I ended up taking it last year, 8 years after graduation...


----------



## MA_PE (May 25, 2007)

ce hopeful said:


> how do people go through 4 years of college and not hear about the EIT/FE ?
> For us it was always, if your lucky enough to graduate, then you get to take an 8 hour exam followed by another 8 hour exam.


Back in the 80's when I was in a ME program we only had one professor that even mentioned the P.E. His memorable quote about the P.E. was "that and a quarter will get you a cup of coffee." I believe the coffee vending machines were ~.25 back then.

In academia, there is not much need for the PE. I believe the field that stresses it the most is Civil. Other engineering fields put little to no emphasis on it during school. My 0.02


----------



## ktulu (May 25, 2007)

Outside of a little prep class for the FE, it was never mentioned in college either. And I don't think you were even required to take the prep class anyway...

MA, most of the professors at Auburn have their PE, but not for academic reasons, like you said. They do so much consulting work on the side, hence the PE.


----------



## Fudgey (May 28, 2007)

this lively enough for you?


----------



## FlyPaper (May 28, 2007)

What exactly is it that I am looking at here? I don't get it. I see some ladies with stuff written all over their backs, why would I be excited about that?

I think it is a little inappropriate that they aren't wearing any pants, they look like plumbers.

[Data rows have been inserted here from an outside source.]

(* Let $n,k\geq1$. The dimension of the tropical RBM model $TM^k_n$ equals the maximum rank of a $2^n\times(nk+n+k)$ matrix of the form $\mathcal{A}=(A\mid A_{C_1}\mid A_{C_2}\mid\cdots\mid A_{C_k})$, where the maximum is taken over all choices of $k$ slicings $C_1,\dots,C_k$ of the $n$-cube.
   Context: Fix an ordering of $\{0,1\}^n$ indexing coordinates of $\mathbb{R}^{2^n}$ and matrix rows. The tropical morphism $\Phi:\mathbb{R}^{nk+n+k}\to\mathbb{TP}^{2^n-1}=\mathbb{R}^{2^n}/\mathbb{R}(1,\dots,1)$ sends $(W,b,c)\in\mathbb{R}^{k\times n}\times\mathbb{R}^n\times\mathbb{R}^k$ to the class of $(q(v))_{v\in\{0,1\}^n}$, $q(v)=\max_{h\in\{0,1\}^k}\{h^{\top}Wv+b^{\top}v+c^{\top}h\}$. The tropical RBM model $TM^k_n$ is the image of $\Phi$; it is a finite union of polyhedral cones and its dimension is the maximum dimension of a cone contained in it. A subset $C\subseteq\{0,1\}^n$ is a slicing of the $n$-cube if some affine hyperplane has all vertices of $C$ strictly on its positive side and all other vertices of $\{0,1\}^n$ strictly on its negative side. $A$ is the $2^n\times n$ matrix whose row indexed by $v$ is $v$; for a slicing $C$, $A_C$ is the $2^n\times(n+1)$ matrix whose row indexed by $v\in C$ is $(1,v)$ and whose other rows are zero.
   Formalization: The tropical RBM model $TM^k_n$ is the image of $\Phi$ in $\mathbb{R}^{2^n}$ itself, not its class in $\mathbb{TP}^{2^n-1}=\mathbb{R}^{2^n}/\mathbb{R}(1,\dots,1)$, and its dimension is measured there. The statement above fails without it. *)

theory Defs
  imports "HOL-Analysis.Analysis"
begin

text \<open>The visible units are indexed by a finite type 'n (so n = CARD('n)),
 the hidden units by a finite type 'k (so k = CARD('k)). A vertex v of the n-cube {0,1}^n
 is identified with the set of coordinates where it equals 1, i.e. v :: 'n set; likewise
 h :: 'k set.\<close>

text \<open>The tropical morphism Phi: (W,b,c) maps to (q(v))_v with
 q(v) = max over h of h^T W v + b^T v + c^T h.\<close>
definition rbm_trop :: "('k::finite \<Rightarrow> 'n::finite \<Rightarrow> real) \<Rightarrow> ('n \<Rightarrow> real) \<Rightarrow> ('k \<Rightarrow> real)
    \<Rightarrow> real ^ ('n set)" where
  "rbm_trop W b c = (\<chi> v. Max {(\<Sum>i\<in>h. \<Sum>j\<in>v. W i j) + (\<Sum>j\<in>v. b j) + (\<Sum>i\<in>h. c i) | h. True})"

definition tropical_RBM :: "'k::finite itself \<Rightarrow> (real ^ ('n::finite set)) set" where
  "tropical_RBM (_ :: 'k itself) = range (\<lambda>(W :: 'k \<Rightarrow> 'n \<Rightarrow> real, b, c). rbm_trop W b c)"

definition polyhedral_cone :: "'a::euclidean_space set \<Rightarrow> bool" where
  "polyhedral_cone K \<longleftrightarrow> polyhedron K \<and> cone K"

definition cone_dimension :: "'a::euclidean_space set \<Rightarrow> nat" where
  "cone_dimension S = Max {dim K | K. polyhedral_cone K \<and> K \<subseteq> S}"

definition slicing :: "'n::finite set set \<Rightarrow> bool" where
  "slicing C \<longleftrightarrow> (\<exists>(a :: 'n \<Rightarrow> real) a0. (\<exists>j. a j \<noteq> 0) \<and>
      (\<forall>v. (v \<in> C \<longrightarrow> a0 + (\<Sum>j\<in>v. a j) > 0) \<and> (v \<notin> C \<longrightarrow> a0 + (\<Sum>j\<in>v. a j) < 0)))"

text \<open>The 2^n x (nk+n+k) matrix (A | A_C1 | ... | A_Ck). Columns are indexed by
 Inl j (column j of A) and Inr (i, None) / Inr (i, Some j) (the constant column and
 column j of the v-part of A_{C_i}).\<close>
definition rbm_matrix :: "('k::finite \<Rightarrow> 'n::finite set set) \<Rightarrow> real ^ ('n + 'k \<times> 'n option) ^ ('n set)" where
  "rbm_matrix C = (\<chi> v. \<chi> col. (case col of
      Inl j \<Rightarrow> (if j \<in> v then 1 else 0)
    | Inr (i, None) \<Rightarrow> (if v \<in> C i then 1 else 0)
    | Inr (i, Some j) \<Rightarrow> (if v \<in> C i \<and> j \<in> v then 1 else 0)))"

end

theory Submission
  imports Defs
begin

text \<open>
Write the parameters (W, b, c) as one vector x indexed by the columns of rbm_matrix, and let C_i
be the set of visible states on which hidden unit i receives positive input c_i + W_i v. Then the
maximum over h in q(v) is attained by switching on exactly the units with positive input, so
Phi(x) = rbm_matrix C *v x, and every C_i is a slicing. Hence the model is covered by the finitely
many column spaces of the matrices rbm_matrix C; a polyhedral cone inside it is convex, so it lies
in a single column space, and its dimension is at most the corresponding rank. Conversely, for
slicings C_1, ..., C_k the parameters inducing exactly this activation pattern form a nonempty open
convex cone on which Phi is the linear map rbm_matrix C; its image contains a polyhedral cone
spanning the whole column space.
\<close>

lemma Max_range_sum:
  fixes a :: "'k::finite \<Rightarrow> real"
  shows "Max (range (sum a)) = sum a {i. 0 < a i}"
proof (rule Max_eqI)
  fix y assume "y \<in> range (sum a)"
  then obtain h where y: "y = sum a h" by blast
  have "sum a h = sum a (h \<inter> {i. 0 < a i}) + sum a (h - {i. 0 < a i})"
    by (metis finite sum.Int_Diff)
  also have "\<dots> \<le> sum a {i. 0 < a i} + 0"
    by (intro add_mono sum_mono2 sum_nonpos) auto
  finally show "y \<le> sum a {i. 0 < a i}" by (simp add: y)
qed auto

lemma finite_Collect_dim:
  "finite {dim K | K :: 'a::euclidean_space set. P K}"
proof -
  have "{dim K | K :: 'a set. P K} \<subseteq> {..DIM('a)}"
    using dim_subset_UNIV by blast
  then show ?thesis by (rule finite_subset) simp
qed

lemma Max_subset_cofinal_eq:
  fixes A B :: "'a::linorder set"
  assumes "finite B" "A \<noteq> {}" "A \<subseteq> B" "\<forall>b\<in>B. \<exists>a\<in>A. b \<le> a"
  shows "Max B = Max A"
proof (rule antisym)
  have "finite A" using assms(1,3) by (rule finite_subset[rotated])
  obtain a where "a \<in> A" "Max B \<le> a" using assms(1-4) Max_in by blast
  then show "Max B \<le> Max A" using \<open>finite A\<close> by (meson Max_ge order_trans)
qed (use assms Max_mono in auto)

lemma subspace_two_points_of_line:
  assumes "subspace S" "t \<noteq> u"
    and "(1 - t) *\<^sub>R x + t *\<^sub>R y \<in> S" "(1 - u) *\<^sub>R x + u *\<^sub>R y \<in> S"
  shows "x \<in> S \<and> y \<in> S"
proof -
  have "((1 - t) *\<^sub>R x + t *\<^sub>R y) - ((1 - u) *\<^sub>R x + u *\<^sub>R y) = (t - u) *\<^sub>R (y - x)"
    by (simp add: algebra_simps)
  then have "(t - u) *\<^sub>R (y - x) \<in> S" using assms by (metis subspace_diff)
  then have "(1 / (t - u)) *\<^sub>R ((t - u) *\<^sub>R (y - x)) \<in> S" by (rule subspace_scale[OF assms(1)])
  then have diff: "y - x \<in> S" using assms(2) by simp
  have "x = ((1 - t) *\<^sub>R x + t *\<^sub>R y) - t *\<^sub>R (y - x)" by (simp add: algebra_simps)
  then have "x \<in> S" using assms(1,3) diff by (metis subspace_diff subspace_scale)
  moreover have "y = x + (y - x)" by simp
  ultimately show ?thesis using assms(1) diff by (metis subspace_add)
qed

lemma convex_subset_finite_Union_subspaces_pair:
  assumes "finite F" "\<forall>V\<in>F. subspace V" "convex K" "K \<subseteq> \<Union>F" "x \<in> K" "y \<in> K"
  shows "\<exists>V\<in>F. x \<in> V \<and> y \<in> V"
proof -
  define z where "z t = (1 - t) *\<^sub>R x + t *\<^sub>R y" for t :: real
  have "z t \<in> K" if "t \<in> {0<..<1}" for t
    unfolding z_def using that by (intro convexD[OF assms(3,5,6)]) auto
  then have "\<exists>V\<in>F. z t \<in> V" if "t \<in> {0<..<1}" for t
    using that assms(4) by blast
  then obtain h where h: "\<And>t. t \<in> {0<..<1::real} \<Longrightarrow> h t \<in> F \<and> z t \<in> h t"
    by metis
  \<comment> \<open>Pigeonhole: infinitely many points of the open segment, finitely many subspaces.\<close>
  have "h ` {0<..<1} \<subseteq> F" using h by blast
  then have "finite (h ` {0<..<1})" using assms(1) by (rule finite_subset)
  then have "\<not> inj_on h {0<..<1::real}"
    by (metis finite_imageD infinite_Ioo zero_less_one)
  then obtain t u where tu: "t \<in> {0<..<1}" "u \<in> {0<..<1}" "t \<noteq> u" "h t = h u"
    unfolding inj_on_def by blast
  have "x \<in> h t \<and> y \<in> h t"
    using h[OF tu(1)] h[OF tu(2)] assms(2) tu(3,4)
    by (intro subspace_two_points_of_line[of "h t" t u]) (auto simp: z_def)
  then show ?thesis using h[OF tu(1)] by blast
qed

lemma convex_subset_finite_Union_subspaces:
  assumes "finite F" "\<forall>V\<in>F. subspace V" "convex K" "K \<noteq> {}" "K \<subseteq> \<Union>F"
  shows "\<exists>V\<in>F. K \<subseteq> V"
  using assms
proof (induction F rule: finite_psubset_induct)
  case (psubset F)
  show ?case
  proof (cases "\<exists>V\<in>F. K \<subseteq> \<Union>(F - {V})")
    case True
    then obtain V where "V \<in> F" "K \<subseteq> \<Union>(F - {V})" by blast
    then show ?thesis using psubset.IH[of "F - {V}"] psubset.prems by blast
  next
    case False
    \<comment> \<open>Each member then contains a point of K lying in no other member, and the points
      of two different members would have to share a member.\<close>
    then have own_point: "\<exists>x\<in>K. x \<notin> \<Union>(F - {V})" if "V \<in> F" for V using that by blast
    obtain V1 where V1: "V1 \<in> F" using psubset.prems(3,4) by blast
    show ?thesis
    proof (rule ccontr)
      assume "\<not> ?thesis"
      then obtain V2 where V2: "V2 \<in> F" "V2 \<noteq> V1" using V1 psubset.prems(4) by blast
      obtain x y where "x \<in> K" "x \<notin> \<Union>(F - {V1})" "y \<in> K" "y \<notin> \<Union>(F - {V2})"
        using own_point V1 V2(1) by metis
      then show False
        using convex_subset_finite_Union_subspaces_pair[OF psubset.hyps(1) psubset.prems(1,2,4)] V2(2)
        by blast
    qed
  qed
qed

lemma polyhedral_cone_in_linear_image:
  fixes f :: "'a::euclidean_space \<Rightarrow> 'b::euclidean_space"
  assumes "linear f" "convex_cone Q" "span Q = UNIV"
  obtains K where "polyhedral_cone K" "K \<subseteq> f ` Q" "dim K = dim (range f)"
proof -
  obtain B where B: "B \<subseteq> Q" "independent B" "Q \<subseteq> span B" by (rule basis_exists)
  have "finite B" using B(2) independent_bound by blast
  define K where "K = convex_cone hull (f ` B)"
  have "polyhedral_cone K"
    unfolding polyhedral_cone_def K_def
    using polyhedron_convex_cone_hull \<open>finite B\<close> convex_cone_hull_mul by (auto simp: cone_def)
  moreover have "K \<subseteq> f ` Q"
    unfolding K_def using B(1) convex_cone_linear_image assms(1,2) by (intro hull_minimal) auto
  moreover have "span K = range f"
  proof -
    have "f ` B \<subseteq> K" unfolding K_def by (rule hull_subset)
    moreover have "K \<subseteq> span (f ` B)"
      unfolding K_def by (intro hull_minimal span_superset convex_cone_span)
    ultimately have "span K = span (f ` B)" by (meson span_eq span_superset subset_trans)
    also have "\<dots> = f ` span B" using assms(1) by (rule linear_span_image)
    also have "span B = UNIV" using B(3) assms(3) by (metis span_mono span_span top.extremum_unique)
    finally show ?thesis .
  qed
  ultimately show ?thesis using that by (metis dim_span)
qed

That reminds me of this one plumber who came to my house to fix a clogged drain (gallons of Draino did nothing on this master of clogs). This guy was missing all of his teeth, he smelled, he was enormous, and yes, his crack showed when he bent over. I was scarred for a week. However, he did pull out a very exciting glob of hair that had been left there for my viewing pleasure by the previous owner. I asked him if I could have the hair, and he said sure, so I put it in a jar and sold it on Ebay as "art". I got 12 bucks out of that transaction. Tell me an honest man can't make a buck in today's society.


----------



## RIP - VTEnviro (May 28, 2007)

Those are all Pink Floyd album covers if I'm not mistaken. Nice work on the "Wish You Were Here" redhead in particular.


----------